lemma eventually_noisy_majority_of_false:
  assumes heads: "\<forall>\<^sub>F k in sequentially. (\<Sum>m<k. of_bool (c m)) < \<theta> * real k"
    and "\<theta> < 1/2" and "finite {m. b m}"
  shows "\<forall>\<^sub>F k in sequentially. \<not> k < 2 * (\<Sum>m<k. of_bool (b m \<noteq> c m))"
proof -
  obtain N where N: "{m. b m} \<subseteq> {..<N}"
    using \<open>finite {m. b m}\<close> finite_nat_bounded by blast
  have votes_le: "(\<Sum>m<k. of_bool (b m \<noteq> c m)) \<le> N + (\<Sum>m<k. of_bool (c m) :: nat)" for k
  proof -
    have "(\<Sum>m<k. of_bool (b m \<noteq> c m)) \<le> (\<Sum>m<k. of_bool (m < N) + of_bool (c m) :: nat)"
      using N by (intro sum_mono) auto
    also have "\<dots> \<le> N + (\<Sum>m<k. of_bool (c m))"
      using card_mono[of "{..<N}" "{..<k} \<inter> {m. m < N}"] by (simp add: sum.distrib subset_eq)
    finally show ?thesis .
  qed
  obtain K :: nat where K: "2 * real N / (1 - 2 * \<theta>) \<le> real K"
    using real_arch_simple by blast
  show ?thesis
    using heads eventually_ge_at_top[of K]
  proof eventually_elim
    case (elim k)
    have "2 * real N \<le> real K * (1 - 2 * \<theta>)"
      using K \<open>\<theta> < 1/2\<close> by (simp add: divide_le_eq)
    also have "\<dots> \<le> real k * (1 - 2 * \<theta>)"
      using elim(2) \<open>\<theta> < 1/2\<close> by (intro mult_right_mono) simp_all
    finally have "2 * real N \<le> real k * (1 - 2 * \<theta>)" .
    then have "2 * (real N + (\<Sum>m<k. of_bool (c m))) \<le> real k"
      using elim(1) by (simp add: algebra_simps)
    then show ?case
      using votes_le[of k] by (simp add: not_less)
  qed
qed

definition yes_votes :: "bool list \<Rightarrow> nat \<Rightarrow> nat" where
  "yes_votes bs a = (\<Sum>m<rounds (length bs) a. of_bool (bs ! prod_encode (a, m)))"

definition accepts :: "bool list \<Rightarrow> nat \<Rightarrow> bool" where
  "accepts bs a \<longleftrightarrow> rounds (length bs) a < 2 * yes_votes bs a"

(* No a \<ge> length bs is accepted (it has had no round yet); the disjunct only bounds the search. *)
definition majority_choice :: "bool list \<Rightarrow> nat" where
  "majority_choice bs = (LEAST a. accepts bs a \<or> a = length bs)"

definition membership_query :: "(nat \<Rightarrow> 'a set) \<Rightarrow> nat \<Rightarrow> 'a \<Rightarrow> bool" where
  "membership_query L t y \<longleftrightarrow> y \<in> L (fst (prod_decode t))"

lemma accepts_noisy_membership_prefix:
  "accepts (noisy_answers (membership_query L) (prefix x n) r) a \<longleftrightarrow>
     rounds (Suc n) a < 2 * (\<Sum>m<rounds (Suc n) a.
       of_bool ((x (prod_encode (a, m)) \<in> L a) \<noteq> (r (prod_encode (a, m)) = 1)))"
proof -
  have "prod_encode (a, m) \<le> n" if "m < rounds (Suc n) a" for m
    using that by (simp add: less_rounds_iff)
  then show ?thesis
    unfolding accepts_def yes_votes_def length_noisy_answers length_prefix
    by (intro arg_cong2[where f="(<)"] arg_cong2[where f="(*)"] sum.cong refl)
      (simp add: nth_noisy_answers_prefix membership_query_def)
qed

==

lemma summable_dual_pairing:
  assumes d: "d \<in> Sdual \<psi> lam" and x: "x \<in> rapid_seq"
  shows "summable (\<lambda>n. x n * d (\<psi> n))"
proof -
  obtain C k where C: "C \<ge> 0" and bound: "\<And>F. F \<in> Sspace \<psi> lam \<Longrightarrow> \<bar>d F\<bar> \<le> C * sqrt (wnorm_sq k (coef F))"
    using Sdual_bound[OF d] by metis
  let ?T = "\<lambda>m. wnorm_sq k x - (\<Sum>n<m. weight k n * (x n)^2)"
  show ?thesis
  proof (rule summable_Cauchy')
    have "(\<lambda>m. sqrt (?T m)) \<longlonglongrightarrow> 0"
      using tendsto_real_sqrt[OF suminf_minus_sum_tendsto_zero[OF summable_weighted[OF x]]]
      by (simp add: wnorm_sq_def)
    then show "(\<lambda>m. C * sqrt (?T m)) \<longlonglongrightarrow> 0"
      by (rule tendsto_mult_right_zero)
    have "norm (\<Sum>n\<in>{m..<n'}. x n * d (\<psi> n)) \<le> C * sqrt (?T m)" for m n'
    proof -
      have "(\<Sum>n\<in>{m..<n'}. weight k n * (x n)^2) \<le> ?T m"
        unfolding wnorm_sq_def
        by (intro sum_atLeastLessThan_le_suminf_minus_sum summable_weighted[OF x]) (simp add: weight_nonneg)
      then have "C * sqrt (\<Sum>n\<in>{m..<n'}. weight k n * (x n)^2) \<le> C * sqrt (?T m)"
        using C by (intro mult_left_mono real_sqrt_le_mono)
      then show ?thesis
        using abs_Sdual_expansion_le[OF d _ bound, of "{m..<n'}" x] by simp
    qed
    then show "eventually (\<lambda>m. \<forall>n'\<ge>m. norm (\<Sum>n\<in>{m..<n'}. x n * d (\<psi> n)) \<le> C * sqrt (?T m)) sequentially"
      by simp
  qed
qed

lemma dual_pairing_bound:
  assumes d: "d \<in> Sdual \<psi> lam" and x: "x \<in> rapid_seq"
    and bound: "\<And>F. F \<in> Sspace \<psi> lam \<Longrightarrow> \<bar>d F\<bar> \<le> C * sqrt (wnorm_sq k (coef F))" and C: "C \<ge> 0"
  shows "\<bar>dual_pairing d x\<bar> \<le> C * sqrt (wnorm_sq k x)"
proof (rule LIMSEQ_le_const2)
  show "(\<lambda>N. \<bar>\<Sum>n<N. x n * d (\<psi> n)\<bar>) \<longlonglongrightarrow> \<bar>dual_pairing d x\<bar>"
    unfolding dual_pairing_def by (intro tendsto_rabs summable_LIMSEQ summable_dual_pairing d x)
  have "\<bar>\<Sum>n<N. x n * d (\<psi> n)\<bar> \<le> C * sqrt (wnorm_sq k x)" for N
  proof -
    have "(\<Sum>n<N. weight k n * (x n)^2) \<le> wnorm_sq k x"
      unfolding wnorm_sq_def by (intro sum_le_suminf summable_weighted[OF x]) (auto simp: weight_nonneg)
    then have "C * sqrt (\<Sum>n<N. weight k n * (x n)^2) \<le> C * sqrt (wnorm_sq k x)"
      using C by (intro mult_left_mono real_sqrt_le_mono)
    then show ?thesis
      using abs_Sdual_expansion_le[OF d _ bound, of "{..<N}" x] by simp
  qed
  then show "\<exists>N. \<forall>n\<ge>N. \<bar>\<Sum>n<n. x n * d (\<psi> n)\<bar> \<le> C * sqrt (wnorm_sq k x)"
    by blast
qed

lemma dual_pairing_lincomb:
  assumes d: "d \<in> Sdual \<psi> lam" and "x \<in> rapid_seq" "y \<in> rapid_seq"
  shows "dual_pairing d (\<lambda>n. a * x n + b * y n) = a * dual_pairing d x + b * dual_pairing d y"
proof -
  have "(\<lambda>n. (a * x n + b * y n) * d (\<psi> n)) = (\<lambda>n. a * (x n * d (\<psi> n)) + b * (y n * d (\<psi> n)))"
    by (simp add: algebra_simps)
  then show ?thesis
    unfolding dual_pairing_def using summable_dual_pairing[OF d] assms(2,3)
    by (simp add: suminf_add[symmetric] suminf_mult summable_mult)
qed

* * *

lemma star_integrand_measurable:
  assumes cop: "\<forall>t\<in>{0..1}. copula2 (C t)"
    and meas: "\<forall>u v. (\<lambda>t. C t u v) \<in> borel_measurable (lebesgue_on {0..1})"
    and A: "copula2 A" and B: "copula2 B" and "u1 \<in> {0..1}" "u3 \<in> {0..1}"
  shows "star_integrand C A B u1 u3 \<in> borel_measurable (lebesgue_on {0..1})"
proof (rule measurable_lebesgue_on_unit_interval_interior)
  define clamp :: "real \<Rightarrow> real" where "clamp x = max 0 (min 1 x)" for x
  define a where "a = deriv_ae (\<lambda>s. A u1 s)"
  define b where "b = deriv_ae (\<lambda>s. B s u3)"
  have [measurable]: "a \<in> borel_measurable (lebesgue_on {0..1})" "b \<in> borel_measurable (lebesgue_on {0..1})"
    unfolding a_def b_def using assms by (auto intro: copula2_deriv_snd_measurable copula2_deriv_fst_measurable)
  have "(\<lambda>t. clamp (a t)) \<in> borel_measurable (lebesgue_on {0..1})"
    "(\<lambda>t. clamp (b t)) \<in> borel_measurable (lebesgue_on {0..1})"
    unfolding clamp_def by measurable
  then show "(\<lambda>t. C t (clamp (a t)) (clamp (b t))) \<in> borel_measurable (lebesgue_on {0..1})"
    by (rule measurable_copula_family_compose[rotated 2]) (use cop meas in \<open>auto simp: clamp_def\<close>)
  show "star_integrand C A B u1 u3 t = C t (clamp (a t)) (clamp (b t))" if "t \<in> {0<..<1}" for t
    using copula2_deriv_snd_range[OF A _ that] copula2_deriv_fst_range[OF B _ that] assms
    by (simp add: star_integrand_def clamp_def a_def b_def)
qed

(Assigned task):
The lines you need are those with the word "thesis"; list them from the entries.

(Solved problem):
    finally show ?thesis .
  show ?thesis
  then show ?thesis
  show ?thesis
      then show ?thesis
    then show ?thesis
  then show ?thesis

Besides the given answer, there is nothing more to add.